Multiple pathways through which the gut microbiota regulates neuronal mitochondria constitute another possible direction for depression.

作者信息

Zhao Hongyi, Qiu Xiongfeng, Wang Shuyu, Wang Yi, Xie Li, Xia Xiuwen, Li Weihong

机构信息

School of Basic Medical Science, Chengdu University of Traditional Chinese Medicine, Chengdu, China.
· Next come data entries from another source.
(* Let $r\ge 3$ and $n\ge\frac{(r-1)(2r+1)}{2}$, and let $\mathcal{H}$ be an $n$-vertex $\mathrm{T}_r$-free $r$-graph with at least one edge and with $\delta_{r-1}^{+}(\mathcal{H})>\frac{2n}{2r+1}$. Then there exist $r$ pairwise disjoint sets $V_1,\ldots,V_r\subseteq V(\mathcal{H})$, each independent in $\mathcal{H}$, such that $\min\{|V_1|,\ldots,|V_r|\}>\frac{2n}{2r+1}$.
   Context: An $r$-graph $\mathcal{H}$ is a collection of $r$-subsets (edges) of a finite vertex set $V(\mathcal{H})$. The shadow is $\partial\mathcal{H}=\{e\in\binom{V(\mathcal{H})}{r-1}\colon e\subseteq E \text{ for some } E\in\mathcal{H}\}$. For $e\in\partial\mathcal{H}$, $N_{\mathcal{H}}(e)=\{v\in V(\mathcal{H})\colon e\cup\{v\}\in\mathcal{H}\}$. The minimum positive codegree is $\delta_{r-1}^{+}(\mathcal{H})=\min\{|N_{\mathcal{H}}(e)|\colon e\in\partial\mathcal{H}\}$. A set $I\subseteq V(\mathcal{H})$ is independent in $\mathcal{H}$ if every edge contains at most one vertex of $I$. The $r$-uniform generalized triangle is $\mathrm{T}_r=\{\{1,\ldots,r-1,r\},\{1,\ldots,r-1,r+1\},\{r,r+1,\ldots,2r-1\}\}$; $\mathcal{H}$ is $\mathrm{T}_r$-free if it contains no subhypergraph isomorphic to $\mathrm{T}_r$. *)

theory Defs
  imports Complex_Main
begin

definition r_graph :: "nat \<Rightarrow> 'a set \<Rightarrow> 'a set set \<Rightarrow> bool" where
  "r_graph r V H \<longleftrightarrow> finite V \<and> (\<forall>E\<in>H. E \<subseteq> V \<and> card E = r)"

definition shadow :: "nat \<Rightarrow> 'a set \<Rightarrow> 'a set set \<Rightarrow> 'a set set" where
  "shadow r V H = {e. e \<subseteq> V \<and> card e = r - 1 \<and> (\<exists>E\<in>H. e \<subseteq> E)}"

definition nbhd :: "'a set \<Rightarrow> 'a set set \<Rightarrow> 'a set \<Rightarrow> 'a set" where
  "nbhd V H e = {v \<in> V. insert v e \<in> H}"

definition min_pos_codegree :: "nat \<Rightarrow> 'a set \<Rightarrow> 'a set set \<Rightarrow> nat" where
  "min_pos_codegree r V H = Min ((\<lambda>e. card (nbhd V H e)) ` shadow r V H)"

definition independent :: "'a set set \<Rightarrow> 'a set \<Rightarrow> bool" where
  "independent H I \<longleftrightarrow> (\<forall>E\<in>H. card (E \<inter> I) \<le> 1)"

definition gen_triangle :: "nat \<Rightarrow> nat set set" where
  "gen_triangle r = {{1..r}, insert (r+1) {1..r-1}, {r..2*r-1}}"

definition T_free :: "nat \<Rightarrow> 'a set \<Rightarrow> 'a set set \<Rightarrow> bool" where
  "T_free r V H \<longleftrightarrow> \<not> (\<exists>f. inj_on f {1..2*r-1} \<and> f ` {1..2*r-1} \<subseteq> V \<and>
                         (\<forall>T\<in>gen_triangle r. f ` T \<in> H))"

end

theory Submission
  imports Defs
begin

text \<open>The bound on n makes every positive codegree at least r. For e in the shadow, the
neighbourhood N(e) is independent: if an edge F contained two vertices u, w of N(e), exchange
the vertices of F \<inter> e one at a time for a neighbour of the remaining (r-1)-set lying outside e
(one exists because that codegree is at least r > |e|), keeping u and w, until F misses e;
then e \<union> {u}, e \<union> {w} and F form a copy of T_r. For an edge E the sets N(E - {v}), v \<in> E,
are pairwise disjoint: a common vertex x of N(E - {a}) and N(E - {b}) makes
(E - {b}) \<union> {x} an edge containing the two vertices x and a of N(E - {a}).\<close>

lemma not_T_free_if_triangle:
  assumes r: "r \<ge> 2"
    and A: "finite A" "card A = r - 1" "A \<subseteq> V"
    and C: "finite C" "card C = r" "C \<subseteq> V" "C \<inter> A = {}"
    and ab: "a \<in> C" "b \<in> C" "a \<noteq> b"
    and edges: "insert a A \<in> H" "insert b A \<in> H" "C \<in> H"
  shows "\<not> T_free r V H"
proof -
  define D where "D = C - {a, b}"
  have D: "finite D" "card D = r - 2" "a \<notin> D" "b \<notin> D" "A \<inter> D = {}"
    using C ab by (auto simp: D_def card_Diff_subset)
  have "card {1..<r} = card A" "card {r+2..2*r-1} = card D"
    using A D r by auto
  then obtain h1 h2 where h1: "bij_betw h1 {1..<r} A" and h2: "bij_betw h2 {r+2..2*r-1} D"
    using A D by (metis finite_atLeastLessThan finite_atLeastAtMost finite_same_card_bij)
  define f where
    "f i = (if i < r then h1 i else if i = r then a else if i = r + 1 then b else h2 i)" for i
  have "f ` {1..<r} = h1 ` {1..<r}" "f ` {r+2..2*r-1} = h2 ` {r+2..2*r-1}"
    by (auto simp: f_def intro!: image_cong)
  then have low: "f ` {1..<r} = A" and high: "f ` {r+2..2*r-1} = D"
    using h1 h2 by (simp_all add: bij_betw_def)
  have f_ab: "f r = a" "f (r + 1) = b"
    by (simp_all add: f_def)
  have all: "{1..2*r-1} = insert r (insert (r+1) ({1..<r} \<union> {r+2..2*r-1}))"
    using r by auto
  have C_eq: "C = insert a (insert b D)"
    using ab by (auto simp: D_def)
  have img: "f ` {1..2*r-1} = insert a (insert b (A \<union> D))"
    using all low high f_ab by auto
  have "card (insert a (insert b (A \<union> D))) = 2*r - 1"
  proof -
    have "a \<notin> A" "b \<notin> A"
      using ab C by auto
    then show ?thesis
      using A D ab r by (simp add: card_Un_disjoint)
  qed
  then have inj: "inj_on f {1..2*r-1}"
    using img by (simp add: inj_on_iff_eq_card)
  have into_V: "f ` {1..2*r-1} \<subseteq> V"
    using img A C C_eq by auto
  have "f ` {1..r} = insert a A" "f ` insert (r+1) {1..r-1} = insert b A"
      "f ` {r..2*r-1} = C"
  proof -
    have intervals: "{1..r} = insert r {1..<r}" "{1..r-1} = {1..<r}"
        "{r..2*r-1} = insert r (insert (r+1) {r+2..2*r-1})"
      using r by auto
    show "f ` {1..r} = insert a A" "f ` insert (r+1) {1..r-1} = insert b A"
        "f ` {r..2*r-1} = C"
      unfolding intervals image_insert low high f_ab C_eq by (rule refl)+
  qed
  then have "\<forall>T\<in>gen_triangle r. f ` T \<in> H"
    using edges by (simp add: gen_triangle_def)
  then show ?thesis
    using inj into_V
    unfolding T_free_def by blast
qed

lemma edge_minus_in_shadow:
  assumes "r_graph r V H" "E \<in> H" "x \<in> E"
  shows "E - {x} \<in> shadow r V H"
  using assms by (auto simp: r_graph_def shadow_def card_Diff_singleton)

lemma nbhd_disjoint_shadow_set:
  assumes "r_graph r V H" "e \<in> shadow r V H" "r \<ge> 1"
  shows "nbhd V H e \<inter> e = {}"
proof (rule ccontr)
  assume "nbhd V H e \<inter> e \<noteq> {}"
  then have "e \<in> H"
    by (auto simp: nbhd_def insert_absorb)
  then show False
    using assms by (auto simp: r_graph_def shadow_def)
qed

lemma min_pos_codegree_le_card_nbhd:
  assumes "finite V" "e \<in> shadow r V H"
  shows "min_pos_codegree r V H \<le> card (nbhd V H e)"
proof -
  have "finite (shadow r V H)"
    using assms(1) by (rule finite_subset[rotated, OF finite_Pow_iff[THEN iffD2]])
      (auto simp: shadow_def)
  then show ?thesis
    unfolding min_pos_codegree_def using assms(2) by simp
qed

lemma no_edge_through_two_nbhd_vertices:
  assumes r: "r \<ge> 2" and G: "r_graph r V H" and T: "T_free r V H"
    and codeg: "\<And>g. g \<in> shadow r V H \<Longrightarrow> r \<le> card (nbhd V H g)"
    and e: "e \<in> shadow r V H"
    and uw: "u \<in> nbhd V H e" "w \<in> nbhd V H e" "u \<noteq> w"
    and F: "F \<in> H" "u \<in> F" "w \<in> F"
  shows False
  using F
proof (induction "card (F \<inter> e)" arbitrary: F)
  case 0
  have "finite e" "card e = r - 1" "e \<subseteq> V"
    using e G finite_subset by (auto simp: shadow_def r_graph_def)
  moreover have "finite F" "card F = r" "F \<subseteq> V"
    using "0.prems"(1) G finite_subset by (auto simp: r_graph_def)
  moreover have "F \<inter> e = {}"
    using "0.hyps" \<open>finite F\<close> by simp
  moreover have "insert u e \<in> H" "insert w e \<in> H"
    using uw by (auto simp: nbhd_def)
  ultimately have "\<not> T_free r V H"
    using not_T_free_if_triangle[OF r, of e V F u w H] "0.prems" uw(3) by auto
  then show False
    using T by contradiction
next
  case (Suc k)
  have "finite F"
    using Suc.prems(1) G finite_subset by (auto simp: r_graph_def)
  obtain s where s: "s \<in> F \<inter> e"
    using Suc.hyps(2) by (metis card.empty all_not_in_conv nat.distinct(1))
  have g: "F - {s} \<in> shadow r V H"
    using edge_minus_in_shadow[OF G Suc.prems(1)] s by auto
  have "\<not> nbhd V H (F - {s}) \<subseteq> e"
  proof
    assume "nbhd V H (F - {s}) \<subseteq> e"
    then have "card (nbhd V H (F - {s})) \<le> r - 1"
      using e G card_mono[of e] finite_subset by (fastforce simp: shadow_def r_graph_def)
    then show False
      using codeg[OF g] r by simp
  qed
  then obtain y where y: "insert y (F - {s}) \<in> H" "y \<notin> e"
    by (auto simp: nbhd_def)
  have "u \<notin> e" "w \<notin> e"
    using nbhd_disjoint_shadow_set[OF G e] uw(1,2) r by auto
  then have "u \<in> insert y (F - {s})" "w \<in> insert y (F - {s})"
    using s Suc.prems by auto
  moreover have "insert y (F - {s}) \<inter> e = F \<inter> e - {s}"
    using y(2) s by auto
  then have "k = card (insert y (F - {s}) \<inter> e)"
    using Suc.hyps(2) s \<open>finite F\<close> by simp
  ultimately show False
    using Suc.hyps(1) y(1) by blast
qed

lemma independent_nbhd:
  assumes "r \<ge> 2" "r_graph r V H" "T_free r V H"
    and "\<And>g. g \<in> shadow r V H \<Longrightarrow> r \<le> card (nbhd V H g)"
    and "e \<in> shadow r V H"
  shows "independent H (nbhd V H e)"
  unfolding independent_def
proof
  fix F assume F: "F \<in> H"
  show "card (F \<inter> nbhd V H e) \<le> 1"
  proof (rule ccontr)
    assume "\<not> ?thesis"
    then obtain u w where "u \<in> F \<inter> nbhd V H e" "w \<in> F \<inter> nbhd V H e" "u \<noteq> w"
      using card_le_Suc0_iff_eq[of "F \<inter> nbhd V H e"] by (force simp: card_eq_0_iff)
    then show False
      using no_edge_through_two_nbhd_vertices[OF assms] F by blast
  qed
qed

lemma nbhd_edge_minus_disjoint:
  assumes G: "r_graph r V H" and E: "E \<in> H" "a \<in> E" "b \<in> E" "a \<noteq> b"
    and indep: "independent H (nbhd V H (E - {a}))"
  shows "nbhd V H (E - {a}) \<inter> nbhd V H (E - {b}) = {}"
proof (rule ccontr)
  assume "\<not> ?thesis"
  then obtain x where x: "x \<in> nbhd V H (E - {a})" "insert x (E - {b}) \<in> H"
    by (auto simp: nbhd_def)
  have a_nbhd: "a \<in> nbhd V H (E - {a})"
    using G E by (auto simp: nbhd_def r_graph_def insert_absorb)
  have "finite E" "card E = r"
    using G E(1) finite_subset by (auto simp: r_graph_def)
  have "x \<noteq> a"
  proof
    assume "x = a"
    then have "E - {b} \<in> H"
      using x(2) E by (simp add: insert_absorb)
    then have "card (E - {b}) = r"
      using G by (simp add: r_graph_def)
    then show False
      using \<open>finite E\<close> \<open>card E = r\<close> E(3) card_Diff1_less by fastforce
  qed
  then have "card {x, a} \<le> card (insert x (E - {b}) \<inter> nbhd V H (E - {a}))"
    using x a_nbhd E \<open>finite E\<close> by (intro card_mono) auto
  then have "\<not> card (insert x (E - {b}) \<inter> nbhd V H (E - {a})) \<le> 1"
    using \<open>x \<noteq> a\<close> by simp
  then show False
    using indep x(2) by (auto simp: independent_def)
qed

lemma threshold_ge_r_minus_one:
  assumes "r \<ge> 1" "real n \<ge> real ((r - 1) * (2 * r + 1)) / 2"
  shows "real r - 1 \<le> 2 * real n / (2 * real r + 1)"
proof -
  have "real ((r - 1) * (2 * r + 1)) = (real r - 1) * (2 * real r + 1)"
    using assms(1) by (simp only: of_nat_mult of_nat_diff[of 1 r] of_nat_add) simp
  then have "(real r - 1) * (2 * real r + 1) \<le> 2 * real n"
    using assms(2) by simp
  then show ?thesis
    by (simp add: pos_le_divide_eq)
qed

theorem claim2p3:
  fixes r n :: nat and V :: "'a set" and H :: "'a set set"
  assumes "r \<ge> 3"
    and "real n \<ge> real ((r - 1) * (2 * r + 1)) / 2"
    and "r_graph r V H" and "card V = n"
    and "T_free r V H"
    and "H \<noteq> {}"
    and "real (min_pos_codegree r V H) > 2 * real n / (2 * real r + 1)"
  shows "\<exists>Vs :: nat \<Rightarrow> 'a set.
           (\<forall>i<r. Vs i \<subseteq> V \<and> independent H (Vs i)
                  \<and> real (card (Vs i)) > 2 * real n / (2 * real r + 1))
         \<and> (\<forall>i<r. \<forall>j<r. i \<noteq> j \<longrightarrow> Vs i \<inter> Vs j = {})"
proof -
  have large: "real (card (nbhd V H g)) > 2 * real n / (2 * real r + 1)"
    if "g \<in> shadow r V H" for g
    using min_pos_codegree_le_card_nbhd[of V g r H] that assms(3,7)
    by (simp add: r_graph_def)
  have "r \<le> card (nbhd V H g)" if "g \<in> shadow r V H" for g
    using large[OF that] threshold_ge_r_minus_one[OF _ assms(2)] assms(1) by fastforce
  then have indep: "independent H (nbhd V H g)" if "g \<in> shadow r V H" for g
    using independent_nbhd[of r V H g] assms(1,3,5) that by simp
  obtain E where E: "E \<in> H" "finite E" "card E = r"
    using assms(3,6) finite_subset by (fastforce simp: r_graph_def)
  then obtain v where v: "bij_betw v {..<r} E"
    by (metis finite_same_card_bij finite_lessThan card_lessThan)
  then have vE: "v i \<in> E" and v_inj: "v i = v j \<longleftrightarrow> i = j" if "i < r" "j < r" for i j
    using that by (auto simp: bij_betw_def inj_on_def)
  show ?thesis
  proof (intro exI[of _ "\<lambda>i. nbhd V H (E - {v i})"] conjI allI impI)
    fix i assume "i < r"
    then have sh: "E - {v i} \<in> shadow r V H"
      using edge_minus_in_shadow[OF assms(3) E(1) vE] by simp
    show "nbhd V H (E - {v i}) \<subseteq> V" "independent H (nbhd V H (E - {v i}))"
        "real (card (nbhd V H (E - {v i}))) > 2 * real n / (2 * real r + 1)"
      using indep[OF sh] large[OF sh] by (auto simp: nbhd_def)
  next
    fix i j assume "i < r" "j < r" "i \<noteq> j"
    then show "nbhd V H (E - {v i}) \<inter> nbhd V H (E - {v j}) = {}"
      using nbhd_edge_minus_disjoint[OF assms(3) E(1) vE vE] v_inj
        indep[OF edge_minus_in_shadow[OF assms(3) E(1) vE]] by blast
  qed
qed

end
School of Health Preservation and Rehabilitation, Chengdu University of Traditional Chinese Medicine, Chengdu, China.

出版信息

Front Microbiol. 2025 Apr 17;16:1578155. doi: 10.3389/fmicb.2025.1578155. eCollection 2025.

Abstract

As a significant mental health disorder worldwide, the treatment of depression has long faced the challenges of a low treatment rate, significant drug side effects and a high relapse rate. Recent studies have revealed that the gut microbiota and neuronal mitochondrial dysfunction play central roles in the pathogenesis of depression: the gut microbiota influences the course of depression through multiple pathways, including immune regulation, HPA axis modulation and neurotransmitter metabolism. Mitochondrial function serves as a key hub that mediates mood disorders through mechanisms such as defective energy metabolism, impaired neuroplasticity and amplified neuroinflammation. Notably, a bidirectional regulatory network exists between the gut microbiota and mitochondria: the flora metabolite butyrate enhances mitochondrial biosynthesis through activation of the AMPK-PGC1α pathway, whereas reactive oxygen species produced by mitochondria counteract the flora composition by altering the intestinal epithelial microenvironment. In this study, we systematically revealed the potential pathways by which the gut microbiota improves neuronal mitochondrial function by regulating neurotransmitter synthesis, mitochondrial autophagy, and oxidative stress homeostasis and proposed the integration of probiotic supplementation, dietary fiber intervention, and fecal microbial transplantation to remodel the flora-mitochondrial axis, which provides a theoretical basis for the development of novel antidepressant therapies targeting gut-brain interactions.

摘要

作为全球一种重要的精神健康障碍,抑郁症的治疗长期面临治疗率低、药物副作用大以及复发率高的挑战。最近的研究表明,肠道微生物群和神经元线粒体功能障碍在抑郁症的发病机制中起核心作用:肠道微生物群通过多种途径影响抑郁症的病程,包括免疫调节、下丘脑-垂体-肾上腺(HPA)轴调节和神经递质代谢。线粒体功能作为一个关键枢纽,通过能量代谢缺陷、神经可塑性受损和神经炎症放大等机制介导情绪障碍。值得注意的是,肠道微生物群和线粒体之间存在双向调节网络:菌群代谢产物丁酸盐通过激活AMPK-PGC1α途径增强线粒体生物合成,而线粒体产生的活性氧通过改变肠道上皮微环境来对抗菌群组成。在本研究中,我们系统地揭示了肠道微生物群通过调节神经递质合成、线粒体自噬和氧化应激稳态来改善神经元线粒体功能的潜在途径,并提出整合益生菌补充、膳食纤维干预和粪便微生物移植以重塑菌群-线粒体轴,这为开发针对肠-脑相互作用的新型抗抑郁疗法提供了理论基础。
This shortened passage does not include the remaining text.